[Stored dataset items]
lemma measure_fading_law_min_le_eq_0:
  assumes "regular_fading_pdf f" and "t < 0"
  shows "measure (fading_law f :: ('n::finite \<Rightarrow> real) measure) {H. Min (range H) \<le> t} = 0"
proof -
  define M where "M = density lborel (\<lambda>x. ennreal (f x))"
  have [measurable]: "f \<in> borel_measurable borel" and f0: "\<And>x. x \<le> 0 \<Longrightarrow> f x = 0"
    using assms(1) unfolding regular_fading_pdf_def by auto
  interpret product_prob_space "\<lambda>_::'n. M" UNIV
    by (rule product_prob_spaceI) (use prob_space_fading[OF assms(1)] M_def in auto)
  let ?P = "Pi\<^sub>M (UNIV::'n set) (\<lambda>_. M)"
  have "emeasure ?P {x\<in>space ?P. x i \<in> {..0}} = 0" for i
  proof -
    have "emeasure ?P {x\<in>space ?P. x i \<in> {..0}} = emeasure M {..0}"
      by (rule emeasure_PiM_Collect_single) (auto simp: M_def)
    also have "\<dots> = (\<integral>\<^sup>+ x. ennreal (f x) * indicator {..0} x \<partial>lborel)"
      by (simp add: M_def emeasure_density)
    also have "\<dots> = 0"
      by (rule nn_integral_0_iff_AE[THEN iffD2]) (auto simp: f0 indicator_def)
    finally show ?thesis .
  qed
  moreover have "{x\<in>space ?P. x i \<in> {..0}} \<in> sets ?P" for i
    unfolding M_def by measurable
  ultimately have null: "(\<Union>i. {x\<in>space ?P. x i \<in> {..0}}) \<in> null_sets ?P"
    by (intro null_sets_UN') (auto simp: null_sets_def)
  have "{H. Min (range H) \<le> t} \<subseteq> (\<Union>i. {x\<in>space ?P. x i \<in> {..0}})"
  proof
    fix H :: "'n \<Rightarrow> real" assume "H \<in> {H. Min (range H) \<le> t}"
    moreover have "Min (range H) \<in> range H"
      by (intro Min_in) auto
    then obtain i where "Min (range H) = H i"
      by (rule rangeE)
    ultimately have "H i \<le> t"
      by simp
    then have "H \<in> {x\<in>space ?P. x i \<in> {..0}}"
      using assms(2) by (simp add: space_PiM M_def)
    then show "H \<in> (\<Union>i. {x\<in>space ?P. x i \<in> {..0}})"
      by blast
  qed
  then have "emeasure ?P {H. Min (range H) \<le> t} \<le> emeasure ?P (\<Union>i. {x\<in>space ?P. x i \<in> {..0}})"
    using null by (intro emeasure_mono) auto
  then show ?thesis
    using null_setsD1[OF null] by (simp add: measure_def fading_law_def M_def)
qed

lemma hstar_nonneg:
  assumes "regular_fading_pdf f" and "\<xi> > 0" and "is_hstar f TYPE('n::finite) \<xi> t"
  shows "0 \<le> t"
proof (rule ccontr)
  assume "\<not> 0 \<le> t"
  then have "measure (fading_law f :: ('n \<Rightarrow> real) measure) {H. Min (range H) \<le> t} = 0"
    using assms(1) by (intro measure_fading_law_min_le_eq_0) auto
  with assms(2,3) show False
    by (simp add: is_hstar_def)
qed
* * *
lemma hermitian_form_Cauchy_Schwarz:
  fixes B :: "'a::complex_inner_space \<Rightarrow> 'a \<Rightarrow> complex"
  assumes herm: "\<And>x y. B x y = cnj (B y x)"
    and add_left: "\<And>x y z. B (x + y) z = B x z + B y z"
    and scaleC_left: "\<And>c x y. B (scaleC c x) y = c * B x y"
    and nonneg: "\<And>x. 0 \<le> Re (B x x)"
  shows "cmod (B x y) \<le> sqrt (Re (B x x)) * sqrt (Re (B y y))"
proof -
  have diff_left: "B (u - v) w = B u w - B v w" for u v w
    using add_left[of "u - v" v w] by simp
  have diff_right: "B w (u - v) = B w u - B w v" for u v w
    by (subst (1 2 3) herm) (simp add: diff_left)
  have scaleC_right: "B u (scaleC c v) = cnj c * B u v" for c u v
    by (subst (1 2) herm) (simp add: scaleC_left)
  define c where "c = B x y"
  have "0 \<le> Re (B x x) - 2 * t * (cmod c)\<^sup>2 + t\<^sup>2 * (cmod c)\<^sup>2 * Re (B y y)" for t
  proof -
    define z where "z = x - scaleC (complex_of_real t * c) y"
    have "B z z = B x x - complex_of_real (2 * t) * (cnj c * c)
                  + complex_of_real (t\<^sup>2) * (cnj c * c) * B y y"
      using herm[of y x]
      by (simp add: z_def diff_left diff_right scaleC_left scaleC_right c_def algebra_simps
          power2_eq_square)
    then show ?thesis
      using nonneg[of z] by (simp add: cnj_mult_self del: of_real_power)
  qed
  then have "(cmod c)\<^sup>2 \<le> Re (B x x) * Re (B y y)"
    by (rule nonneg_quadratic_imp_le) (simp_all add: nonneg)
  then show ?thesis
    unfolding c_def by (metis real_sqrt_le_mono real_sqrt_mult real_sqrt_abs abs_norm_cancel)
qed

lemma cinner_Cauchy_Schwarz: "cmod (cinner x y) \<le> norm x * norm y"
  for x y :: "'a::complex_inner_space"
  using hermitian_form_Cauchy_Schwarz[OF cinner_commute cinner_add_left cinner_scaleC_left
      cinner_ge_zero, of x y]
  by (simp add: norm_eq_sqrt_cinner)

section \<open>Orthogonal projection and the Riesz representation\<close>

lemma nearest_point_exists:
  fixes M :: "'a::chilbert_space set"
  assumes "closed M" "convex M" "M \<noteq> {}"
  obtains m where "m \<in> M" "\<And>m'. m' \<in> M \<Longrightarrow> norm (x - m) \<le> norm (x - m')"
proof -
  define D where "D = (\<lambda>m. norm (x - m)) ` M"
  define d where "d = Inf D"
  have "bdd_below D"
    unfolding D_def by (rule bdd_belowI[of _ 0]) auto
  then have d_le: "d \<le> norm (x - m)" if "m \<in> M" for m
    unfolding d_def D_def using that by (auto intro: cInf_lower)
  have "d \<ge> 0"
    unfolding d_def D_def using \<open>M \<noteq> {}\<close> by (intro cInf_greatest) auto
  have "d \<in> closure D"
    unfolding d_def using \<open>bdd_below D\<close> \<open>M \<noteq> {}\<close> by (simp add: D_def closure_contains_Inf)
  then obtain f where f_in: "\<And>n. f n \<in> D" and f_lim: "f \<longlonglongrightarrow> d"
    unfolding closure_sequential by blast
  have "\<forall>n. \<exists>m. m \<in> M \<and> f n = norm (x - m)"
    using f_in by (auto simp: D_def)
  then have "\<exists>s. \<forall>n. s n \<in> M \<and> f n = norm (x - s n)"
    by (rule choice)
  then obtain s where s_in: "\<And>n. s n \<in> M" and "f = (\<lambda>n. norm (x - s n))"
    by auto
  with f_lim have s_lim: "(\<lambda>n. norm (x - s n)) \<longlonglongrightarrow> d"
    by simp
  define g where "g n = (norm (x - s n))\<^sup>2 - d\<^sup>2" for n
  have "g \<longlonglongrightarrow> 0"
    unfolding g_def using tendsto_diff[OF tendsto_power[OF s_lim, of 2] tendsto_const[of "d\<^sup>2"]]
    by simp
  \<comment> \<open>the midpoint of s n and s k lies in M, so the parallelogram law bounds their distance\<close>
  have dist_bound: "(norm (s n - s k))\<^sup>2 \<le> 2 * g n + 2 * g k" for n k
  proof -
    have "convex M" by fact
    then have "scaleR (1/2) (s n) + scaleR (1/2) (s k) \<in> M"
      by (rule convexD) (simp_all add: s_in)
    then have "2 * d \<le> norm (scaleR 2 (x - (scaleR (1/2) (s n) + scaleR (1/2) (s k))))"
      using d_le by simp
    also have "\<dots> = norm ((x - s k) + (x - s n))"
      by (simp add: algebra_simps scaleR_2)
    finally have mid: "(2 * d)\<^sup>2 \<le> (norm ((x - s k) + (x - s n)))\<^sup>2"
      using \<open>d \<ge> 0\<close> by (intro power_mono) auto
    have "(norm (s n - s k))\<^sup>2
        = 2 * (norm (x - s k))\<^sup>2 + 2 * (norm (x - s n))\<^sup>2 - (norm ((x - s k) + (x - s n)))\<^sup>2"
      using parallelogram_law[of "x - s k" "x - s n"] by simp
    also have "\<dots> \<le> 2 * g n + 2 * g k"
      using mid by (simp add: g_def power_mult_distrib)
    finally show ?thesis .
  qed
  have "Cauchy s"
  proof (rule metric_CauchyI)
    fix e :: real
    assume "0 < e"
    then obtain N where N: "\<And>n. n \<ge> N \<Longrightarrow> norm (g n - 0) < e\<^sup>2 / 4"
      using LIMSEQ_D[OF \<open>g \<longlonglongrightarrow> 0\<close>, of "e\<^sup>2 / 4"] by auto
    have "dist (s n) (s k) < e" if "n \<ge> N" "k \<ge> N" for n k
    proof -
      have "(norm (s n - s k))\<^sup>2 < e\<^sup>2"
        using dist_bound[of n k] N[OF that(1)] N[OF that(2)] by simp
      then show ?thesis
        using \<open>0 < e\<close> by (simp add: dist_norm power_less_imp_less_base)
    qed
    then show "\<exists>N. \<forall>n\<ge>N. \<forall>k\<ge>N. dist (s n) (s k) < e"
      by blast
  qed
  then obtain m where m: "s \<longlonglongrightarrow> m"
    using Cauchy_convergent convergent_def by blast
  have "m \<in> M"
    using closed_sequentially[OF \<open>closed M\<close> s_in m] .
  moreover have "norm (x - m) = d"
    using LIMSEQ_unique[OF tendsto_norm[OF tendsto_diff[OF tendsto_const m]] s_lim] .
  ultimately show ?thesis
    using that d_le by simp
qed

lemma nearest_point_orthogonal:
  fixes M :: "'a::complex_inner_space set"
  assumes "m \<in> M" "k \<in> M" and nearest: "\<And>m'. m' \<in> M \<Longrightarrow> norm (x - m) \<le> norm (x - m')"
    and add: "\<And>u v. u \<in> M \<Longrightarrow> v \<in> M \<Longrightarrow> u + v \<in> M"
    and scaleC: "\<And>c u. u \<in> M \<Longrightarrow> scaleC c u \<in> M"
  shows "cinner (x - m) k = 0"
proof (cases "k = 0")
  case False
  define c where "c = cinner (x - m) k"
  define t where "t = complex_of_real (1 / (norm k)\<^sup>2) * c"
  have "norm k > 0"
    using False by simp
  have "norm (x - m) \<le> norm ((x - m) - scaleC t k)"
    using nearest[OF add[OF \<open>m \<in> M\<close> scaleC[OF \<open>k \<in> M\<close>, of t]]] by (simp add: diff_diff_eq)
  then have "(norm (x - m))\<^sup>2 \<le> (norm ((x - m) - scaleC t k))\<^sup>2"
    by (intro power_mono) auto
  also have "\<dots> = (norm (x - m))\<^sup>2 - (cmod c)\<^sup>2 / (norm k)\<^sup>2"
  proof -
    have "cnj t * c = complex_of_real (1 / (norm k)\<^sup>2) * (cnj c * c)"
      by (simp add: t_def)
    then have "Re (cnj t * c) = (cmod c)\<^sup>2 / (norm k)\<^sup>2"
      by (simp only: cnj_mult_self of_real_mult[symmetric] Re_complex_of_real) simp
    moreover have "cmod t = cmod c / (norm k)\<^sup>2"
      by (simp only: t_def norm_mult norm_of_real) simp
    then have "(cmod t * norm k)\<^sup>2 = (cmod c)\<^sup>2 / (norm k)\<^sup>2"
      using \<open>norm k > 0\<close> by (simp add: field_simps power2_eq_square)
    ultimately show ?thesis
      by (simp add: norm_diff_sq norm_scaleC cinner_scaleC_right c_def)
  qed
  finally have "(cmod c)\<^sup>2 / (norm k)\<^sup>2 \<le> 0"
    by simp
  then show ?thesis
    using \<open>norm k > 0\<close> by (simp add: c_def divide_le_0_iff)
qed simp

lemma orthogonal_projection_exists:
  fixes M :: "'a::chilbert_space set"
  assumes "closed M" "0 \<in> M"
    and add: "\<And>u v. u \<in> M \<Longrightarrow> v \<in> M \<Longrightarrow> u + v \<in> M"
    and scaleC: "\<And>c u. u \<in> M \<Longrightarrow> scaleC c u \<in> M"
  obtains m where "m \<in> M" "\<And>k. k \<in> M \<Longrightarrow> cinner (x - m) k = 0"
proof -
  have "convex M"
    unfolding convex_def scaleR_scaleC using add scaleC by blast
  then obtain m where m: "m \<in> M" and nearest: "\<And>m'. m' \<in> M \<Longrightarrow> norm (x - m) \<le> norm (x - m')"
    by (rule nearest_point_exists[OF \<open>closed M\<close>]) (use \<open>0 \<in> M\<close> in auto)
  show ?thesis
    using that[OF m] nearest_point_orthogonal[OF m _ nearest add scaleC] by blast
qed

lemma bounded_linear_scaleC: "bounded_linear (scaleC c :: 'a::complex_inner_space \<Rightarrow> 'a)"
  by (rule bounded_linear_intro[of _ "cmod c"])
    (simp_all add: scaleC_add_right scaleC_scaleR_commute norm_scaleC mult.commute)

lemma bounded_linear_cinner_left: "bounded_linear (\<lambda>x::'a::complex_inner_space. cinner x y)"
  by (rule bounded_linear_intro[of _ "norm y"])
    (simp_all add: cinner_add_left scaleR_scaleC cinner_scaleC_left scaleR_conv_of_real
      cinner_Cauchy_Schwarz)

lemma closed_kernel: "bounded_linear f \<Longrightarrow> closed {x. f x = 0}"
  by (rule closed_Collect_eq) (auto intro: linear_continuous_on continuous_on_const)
--
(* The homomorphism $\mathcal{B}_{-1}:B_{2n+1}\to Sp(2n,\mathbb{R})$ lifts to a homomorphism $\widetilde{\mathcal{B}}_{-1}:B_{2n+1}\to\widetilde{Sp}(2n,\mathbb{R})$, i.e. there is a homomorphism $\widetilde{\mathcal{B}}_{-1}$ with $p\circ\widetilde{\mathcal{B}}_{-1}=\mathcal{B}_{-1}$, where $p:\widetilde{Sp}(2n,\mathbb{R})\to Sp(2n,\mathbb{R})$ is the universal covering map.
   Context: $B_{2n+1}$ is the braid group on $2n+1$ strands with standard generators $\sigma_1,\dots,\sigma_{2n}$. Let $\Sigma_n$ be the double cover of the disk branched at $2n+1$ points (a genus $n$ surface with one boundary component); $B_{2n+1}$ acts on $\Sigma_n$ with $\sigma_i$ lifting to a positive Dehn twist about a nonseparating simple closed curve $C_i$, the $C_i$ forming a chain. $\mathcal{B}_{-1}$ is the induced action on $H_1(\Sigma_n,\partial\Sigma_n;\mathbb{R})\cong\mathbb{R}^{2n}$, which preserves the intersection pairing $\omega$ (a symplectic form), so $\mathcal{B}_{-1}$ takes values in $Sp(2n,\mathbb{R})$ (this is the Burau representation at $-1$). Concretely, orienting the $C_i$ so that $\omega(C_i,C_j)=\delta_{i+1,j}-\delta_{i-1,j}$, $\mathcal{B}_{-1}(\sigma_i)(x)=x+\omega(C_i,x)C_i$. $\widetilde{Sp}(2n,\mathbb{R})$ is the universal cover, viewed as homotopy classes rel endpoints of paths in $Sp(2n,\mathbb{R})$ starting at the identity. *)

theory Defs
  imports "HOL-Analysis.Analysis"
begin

- REQUIRED WORK
Report, for the data above, every line in which the string "noteq" appears.

- SOLUTION
  assumes "closed M" "convex M" "M \<noteq> {}"
    unfolding d_def D_def using \<open>M \<noteq> {}\<close> by (intro cInf_greatest) auto
    unfolding d_def using \<open>bdd_below D\<close> \<open>M \<noteq> {}\<close> by (simp add: D_def closure_contains_Inf)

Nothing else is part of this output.